CSI (.csi) files are BGZF-compressed. Same decompression requirement as tabix.
Tabix format
[TABIX] — TBI format table: magic, n_ref, format, col_seq, col_beg, col_end, meta, skip, l_nm, names; bin/chunk/interval lists; n_no_coor
Tabix files MUST start with magic bytes TBI\x01 (4 bytes), after BGZF decompression.
Tabix files MUST continue with these fields after magic bytes:
n_ref(i32): number of reference sequencesformat(i32): 0=generic, 1=SAM, 2=VCF. For SAM files, the format code is 1 (not 0).col_seq(i32): column for sequence name (1-based; 3 for SAM)col_beg(i32): column for begin position (1-based; 4 for SAM)col_end(i32): column for end position (0 = computed from begin)meta(i32): comment/header prefix character (64 =@for SAM)skip(i32): number of header lines to skip (0 for SAM; headers detected bymetaprefix)l_nm(i32): length of concatenated sequence namesnames(bytes): null-terminated sequence names, concatenated
Note: when format=1 (SAM), htslib hard-codes the column configuration internally. The stored col_seq/col_beg/col_end values may be ignored by some implementations. The reader SHOULD NOT reject a tabix file based on stored column values when format=1.
Since tabix uses identical binning parameters to BAI (min_shift=14, depth=5), the index data after the tabix header MUST be parsed by reusing BamIndex::from_reader() (or equivalent). This avoids duplicating the bin/chunk/linear-index parsing code. The tabix header is read and validated first, then the remaining bytes are handed to the BAI parser.
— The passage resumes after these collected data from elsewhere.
lemma strong_mart_cotype_if_centered_q_convex:
  fixes T :: "'a::banach \<Rightarrow> 'b::banach"
  assumes T: "linear T" and q: "0 < q" and c: "0 < c" and convex: "centered_q_convex T q c"
  shows "strong_mart_cotype T q c"
  unfolding strong_mart_cotype_def
proof (intro allI impI, elim conjE)
  fix n x and d :: "nat \<Rightarrow> real \<Rightarrow> 'a"
  assume mart: "dyadic_mart_diff n d" and d0: "\<forall>t\<in>{0..<1}. d 0 t = x"
  define F where "F k t = (\<Sum>l\<le>k. d l t)" for k t
  define N where "N k = (LINT t:{0..<1}|lborel. norm (F k t) powr q)" for k
  define L where "L k = (LINT t:{0..<1}|lborel. norm (T (d k t)) powr q)" for k
  have F_step: "dyadic_step k (F k)" if "k \<le> n" for k
    unfolding F_def using that
    by (intro dyadic_step_sum dyadic_step_mono[OF dyadic_mart_diff_step[OF mart]]) auto
  have increment: "c powr (- q) * L k \<le> N k - N (k - 1)" if "k \<in> {1..n}" for k
  proof -
    obtain m where k: "k = Suc m" and "m < n" using \<open>k \<in> {1..n}\<close> by (cases k) auto
    have "dyadic_step m (F m)" "dyadic_step (Suc m) (d (Suc m))"
      using F_step dyadic_mart_diff_step[OF mart] \<open>m < n\<close> by auto
    from moment_increment_ge[OF T convex this dyadic_mart_diff_children_opposite[OF mart \<open>m < n\<close>]]
    have "L (Suc m) \<le> c powr q * (N (Suc m) - N m)"
      by (simp add: L_def N_def F_def)
    then show ?thesis
      using c k by (simp add: powr_minus pos_divide_le_eq mult.commute flip: divide_inverse)
  qed
  have "N 0 = norm x powr q"
  proof -
    have "dyadic_step 0 (\<lambda>t. norm (F 0 t) powr q)" by (rule dyadic_step_comp[OF F_step]) simp
    then show ?thesis
      using d0 dyadic_point_in_unit[of 0 0] by (simp add: N_def F_def integral_dyadic_step)
  qed
  moreover have "c powr (- q) * (\<Sum>k\<in>{1..n}. L k) \<le> (\<Sum>k\<in>{1..n}. N k - N (k - 1))"
    unfolding sum_distrib_left by (rule sum_mono[OF increment])
  ultimately have "norm x powr q + c powr (- q) * (\<Sum>k\<in>{1..n}. L k) \<le> N n"
    using sum_telescope''[of 0 n N] by simp
  moreover have "0 \<le> L k" for k
    unfolding L_def set_lebesgue_integral_def by (intro Bochner_Integration.integral_nonneg) simp
  ultimately have "(norm x powr q + c powr (- q) * (\<Sum>k\<in>{1..n}. L k)) powr (1 / q)
      \<le> N n powr (1 / q)"
    using q by (intro powr_mono2) (auto intro!: add_nonneg_nonneg mult_nonneg_nonneg sum_nonneg)
  then show "(norm x powr q
        + c powr (- q) * (\<Sum>k\<in>{1..n}. Lq_norm q (\<lambda>t. T (d k t)) powr q)) powr (1 / q)
      \<le> Lq_norm q (\<lambda>t. \<Sum>k\<le>n. d k t)"
    unfolding Lq_norm_powr[OF q] by (simp add: L_def N_def F_def Lq_norm_def)
qed

text \<open>Only the differences with index \<open>0\<close> and \<open>1\<close> matter: the one-step martingale is used
  with \<open>n = 1\<close>.\<close>

definition one_step_mart :: "'a \<Rightarrow> 'a \<Rightarrow> nat \<Rightarrow> real \<Rightarrow> 'a::real_normed_vector" where
  "one_step_mart x y k t = (if k = 0 then x else if t < 1 / 2 then y else - y)"

lemma dyadic_step_one_step_mart: "dyadic_step (Suc 0) (one_step_mart x y 1)"
proof -
  have "t < 1 / 2 \<longleftrightarrow> dyadic_index 1 t = 0" if "t \<in> {0..<1}" for t
    using mem_dyadic_interval_iff[of t 1 0] that
    by (auto simp: dyadic_interval_def dyadic_point_def)
  then show ?thesis unfolding dyadic_step_def one_step_mart_def by auto
qed

lemma one_step_mart_children:
  "one_step_mart x y (Suc k) (dyadic_point 0 0) = y"
  "one_step_mart x y (Suc k) (dyadic_point (Suc 0) (Suc 0)) = - y"
  by (simp_all add: one_step_mart_def dyadic_point_def)

lemma dyadic_mart_diff_one_step_mart:
  fixes x y :: "'a::banach"
  shows "dyadic_mart_diff 1 (one_step_mart x y)"
  unfolding dyadic_mart_diff_def
proof (intro conjI ballI allI impI)
  fix k :: nat assume "k \<le> 1"
  then consider "k = 0" | "k = 1" by linarith
  then show "one_step_mart x y k \<in> borel_measurable (dyF k)"
  proof cases
    case 1
    have "one_step_mart x y 0 = (\<lambda>t. x)" by (simp add: one_step_mart_def fun_eq_iff)
    then show ?thesis using 1 by simp
  next
    case 2
    have "{..<1 / 2} \<inter> space (dyF 1) = dyadic_interval 1 0"
      by (auto simp: dyadic_interval_def dyadic_point_def space_dyF)
    then have "{..<1 / 2} \<inter> space (dyF 1) \<in> sets (dyF 1)"
      using dyadic_interval_in_dyF[of 0 1] by simp
    from measurable_If_set[OF measurable_const[of y] measurable_const[of "- y"] this]
    show ?thesis unfolding 2 one_step_mart_def by simp
  qed
next
  fix k A and \<phi> :: "'a \<Rightarrow> real"
  assume "k \<in> {1..1}" "A \<in> sets (dyF (k - 1))" "bounded_linear \<phi>"
  then have "k = 1" "A = {} \<or> A = {0..<1}" "linear \<phi>"
    by (auto simp: sets_dyF_0 bounded_linear.linear)
  then show "(LINT t:A|lborel. \<phi> (one_step_mart x y k t)) = 0"
    using integral_dyadic_step_Suc[OF dyadic_step_comp[OF dyadic_step_one_step_mart, of \<phi>]]
    by (auto simp: one_step_mart_children linear_neg set_lebesgue_integral_def)
qed

lemma centered_q_convex_if_strong_mart_cotype:
  fixes T :: "'a::banach \<Rightarrow> 'b::banach"
  assumes T: "linear T" and q: "0 < q" and c: "0 < c" and cotype: "strong_mart_cotype T q c"
  shows "centered_q_convex T q c"
  unfolding centered_q_convex_def
proof (intro allI)
  fix x y :: 'a
  let ?d = "one_step_mart x y"
  have "\<forall>t\<in>{0..<1}. ?d 0 t = x" by (simp add: one_step_mart_def)
  then have "(norm x powr q + c powr (- q) * (\<Sum>k\<in>{1..1}. Lq_norm q (\<lambda>t. T (?d k t)) powr q))
        powr (1 / q)
      \<le> Lq_norm q (\<lambda>t. \<Sum>k\<le>1. ?d k t)"
    using cotype dyadic_mart_diff_one_step_mart unfolding strong_mart_cotype_def by blast
  moreover have "Lq_norm q (\<lambda>t. T (?d 1 t)) powr q = norm (T y) powr q"
    using integral_dyadic_step_Suc[OF dyadic_step_comp[OF dyadic_step_one_step_mart,
          of "\<lambda>v. norm (T v) powr q"]]
    by (simp add: Lq_norm_powr[OF q] one_step_mart_children linear_neg[OF T])
  moreover have "Lq_norm q (\<lambda>t. \<Sum>k\<le>1. ?d k t)
      = ((norm (x + y) powr q + norm (x - y) powr q) / 2) powr (1 / q)"
  proof -
    have "(\<Sum>k\<le>1. ?d k t) = x + ?d 1 t" for t by (simp add: one_step_mart_def)
    moreover have "(LINT t:{0..<1}|lborel. norm (x + ?d 1 t) powr q)
        = (norm (x + y) powr q + norm (x - y) powr q) / 2"
      using integral_dyadic_step_Suc[OF dyadic_step_comp[OF dyadic_step_one_step_mart,
            of "\<lambda>v. norm (x + v) powr q"]]
      by (simp add: one_step_mart_children)
    ultimately show ?thesis unfolding Lq_norm_def by (simp only:)
  qed
  ultimately have "norm x powr q + c powr (- q) * norm (T y) powr q
      \<le> (norm (x + y) powr q + norm (x - y) powr q) / 2"
    using q by (simp add: powr_le_powr_iff_base)
  then show "norm (T y) powr q
      \<le> c powr q * ((norm (x + y) powr q + norm (x - y) powr q) / 2 - norm x powr q)"
    using c by (simp add: powr_minus field_simps)
qed

theorem theorem1:
  fixes T :: "'a::banach \<Rightarrow> 'b::banach" and q c :: real
  assumes "bounded_linear T" and "q \<ge> 2" and "c > 0"
  shows "uniformly_q_convex T q c \<longleftrightarrow> strong_mart_cotype T q c"
proof -
  have T: "linear T" using \<open>bounded_linear T\<close> by (rule bounded_linear.linear)
  have "uniformly_q_convex T q c \<longleftrightarrow> centered_q_convex T q c"
    using assms T by (intro uniformly_q_convex_iff_centered) auto
  also have "\<dots> \<longleftrightarrow> strong_mart_cotype T q c"
    using assms T strong_mart_cotype_if_centered_q_convex[of T q c]
      centered_q_convex_if_strong_mart_cotype[of T q c]
    by auto
  finally show ?thesis .
qed

end
lemma ev_closed [simp]: "ev t \<in> C"
  by (induction t) (use var_closed mx_closed in auto)

lemma below_mx: "s \<in> C \<Longrightarrow> \<exists>f\<in>C. f \<cdot> f = f \<and> s = f \<cdot> mx s"
proof -
  assume s: "s \<in> C"
  have "sigma_rel C mul s s" unfolding sigma_rel_def using s by (intro bexI[of _ one]) simp_all
  then have "nat_le C mul s (mx s)" using F_inverse s unfolding F_inverse_monoid_def by blast
  then show ?thesis unfolding nat_le_def by blast
qed

lemma ev_eq_if_S_eq: "S_eq R a b \<Longrightarrow> ev a = ev b"
  using F_inverse var_closed satisfies_R unfolding S_eq_def by blast

end

lemma S_eqI:
  fixes R :: "('x imterm \<times> 'x imterm) set"
  assumes "\<And>C mul one iv mx \<phi>. R_model R C mul one iv mx \<phi> \<Longrightarrow>
    eval_tm mul one iv mx \<phi> a = eval_tm mul one iv mx \<phi> b"
  shows "S_eq R a b"
  unfolding S_eq_def
proof (intro allI impI, elim conjE)
  fix C :: "'x tm set" and mul one iv mx \<phi>
  assume "F_inverse_monoid C mul one iv mx" "range \<phi> \<subseteq> C"
    "\<forall>(u, v)\<in>R. eval_tm mul one iv mx \<phi> (imterm_tm u) = eval_tm mul one iv mx \<phi> (imterm_tm v)"
  then have "R_model R C mul one iv mx \<phi>"
    by unfold_locales (auto simp: F_inverse_monoid_def)
  then show "eval_tm mul one iv mx \<phi> a = eval_tm mul one iv mx \<phi> b" by (rule assms)
qed
(* Let $G\cong\mathbb{R}^{d_1}\times\mathbb{R}^{d_2}$ be a 2-step stratified group with sub-Laplacian $\mathcal{L}$. For $\boldsymbol{\xi}=(\xi,\mu)\in(\mathbb{R}^{d_1}\setminus\{0\})\times(\mathbb{R}^{d_2}\setminus\{0\})$ and $t\in\mathbb{R}$, let $(x^t,u^t,\xi^t,\mu^t)$ denote the solution at time $t$ of the Hamilton equations with Hamiltonian $\mathcal{H}(x,u,\xi,\mu)=|\xi+J_\mu x/2|$ and initial datum $(0,0,\xi,\mu)$. Set $\theta \mathrel{:=} \frac{t|\mu|}{2|\xi|}$, $\bar\mu\mathrel{:=}\mu/|\mu|$, $\bar\xi\mathrel{:=}\xi/|\xi|$. Then \[ x^t = \frac{1}{|\mu|}\frac{\exp(2\theta J_{\bar\mu})-I}{J_{\bar\mu}}\xi = t\exp(\theta J_{\bar\mu})\frac{\sinh(\theta J_{\bar\mu})}{\theta J_{\bar\mu}}\bar\xi,\qquad \xi^t = \tfrac12(\exp(2\theta J_{\bar\mu})+I)\xi = \exp(\theta J_{\bar\mu})\cosh(\theta J_{\bar\mu})\xi, \] \[ u^t = \frac{t^2}{4}\int_0^1\Big[\frac{\exp(2\tau\theta J_{\bar\mu})-I}{\theta J_{\bar\mu}}\bar\xi,\exp(2\tau\theta J_{\bar\mu})\bar\xi\Big]d\tau,\qquad \mu\cdot u^t = \frac{t|\xi|}{2}\Big[1-\Big\langle\frac{\sinh(\theta J_{\bar\mu})}{\theta J_{\bar\mu}}\cosh(\theta J_{\bar\mu})\bar\xi,\bar\xi\Big\rangle\Big]. \] Moreover, if $G$ is of Heisenberg type, then \[ x^t = t\frac{\sin\theta}{\theta}((\cos\theta)I+(\sin\theta)J_{\bar\mu})\bar\xi,\qquad \xi^t=\cos\theta((\cos\theta)I+(\sin\theta)J_{\bar\mu})\xi,\qquad u^t=\frac{t^2}{4\theta}\Big[1-\frac{\sin\theta}{\theta}\cos\theta\Big]\bar\mu. \]
   Context: $G$ is a 2-step stratified Lie group identified with $\mathbb{R}^{d_1}_x\times\mathbb{R}^{d_2}_u$ via exponential coordinates, coordinates on $\mathfrak{g}_1$ orthonormal for the inner product $\langle\cdot,\cdot\rangle$ making the vector fields $X_j$ of $\mathcal{L}=-\sum X_j^2$ orthonormal; $[\cdot,\cdot]$ is the Lie bracket $\mathbb{R}^{d_1}\times\mathbb{R}^{d_1}\to\mathbb{R}^{d_2}$. $J_\mu$ is the skew-symmetric matrix with $\langle J_\mu x,x'\rangle=\mu\cdot[x,x']$. Matrix functions such as $\frac{\exp(sJ)-I}{J}$, $\frac{\sinh(\theta J)}{\theta J}$ are defined by the corresponding entire power series (no invertibility needed); expressions with $\theta$ in a denominator are understood by continuity at $\theta=0$. $G$ is of Heisenberg type if $-J_\mu^2=|\mu|^2I$ for all $\mu$. *)

theory Defs
  imports "HOL-Analysis.Analysis"
begin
After the header, the index data MUST follow the same structure as BAI:
- For each reference:
n_bin(i32): number of bins- For each bin:
bin_id(u32),n_chunk(i32), chunks as virtual offset pairs n_intv(i32): number of linear index entries- Linear index: virtual offsets at 16 kbp intervals
After all reference data, an optional 8-byte n_no_coor field (u64) MAY be present (number of unmapped reads with no coordinate). Its presence is detected by whether 8 more bytes remain.
Bin ID 37450 is a pseudo-bin that stores metadata (virtual offset range of all records for a reference). Its chunks MUST NOT be included in query results. The reader MUST recognize and skip this bin during region queries.
Region queries use the same reg2bins algorithm as BAI (with min_shift=14, depth=5). The bin offset for level l (counting from root, l=0=root) is ((1 << 3*l) - 1) / 7, and the bin ID for position p at level l is:
((1 << 3*l) - 1) / 7 + (p >> (min_shift + 3*(depth - l)))
For BAI/tabix with min_shift=14, depth=5:
- Level 0 (root): offset=0, shift=29. Bin 0 covers the entire reference.
- Level 5 (leaf): offset=4681, shift=14. Each bin covers 16 kbp.
Shared query infrastructure
Edge cases
References longer than 512 Mbp require CSI (BAI/tabix with min_shift=14, depth=5 cannot represent them). The reader MUST support CSI indexes for BAM files too (not just SAM), since some BAM files from plant/polyploid genomes use CSI.
A reference with no records has no bins and no linear index entries. Queries for such references MUST return an empty chunk list (not an error).
Tabix stores sequence names in the index header. These MUST match the names in the SAM header's @SQ lines. A mismatch SHOULD produce a warning (the index may be stale). CSI does NOT store sequence names — this check applies only to tabix.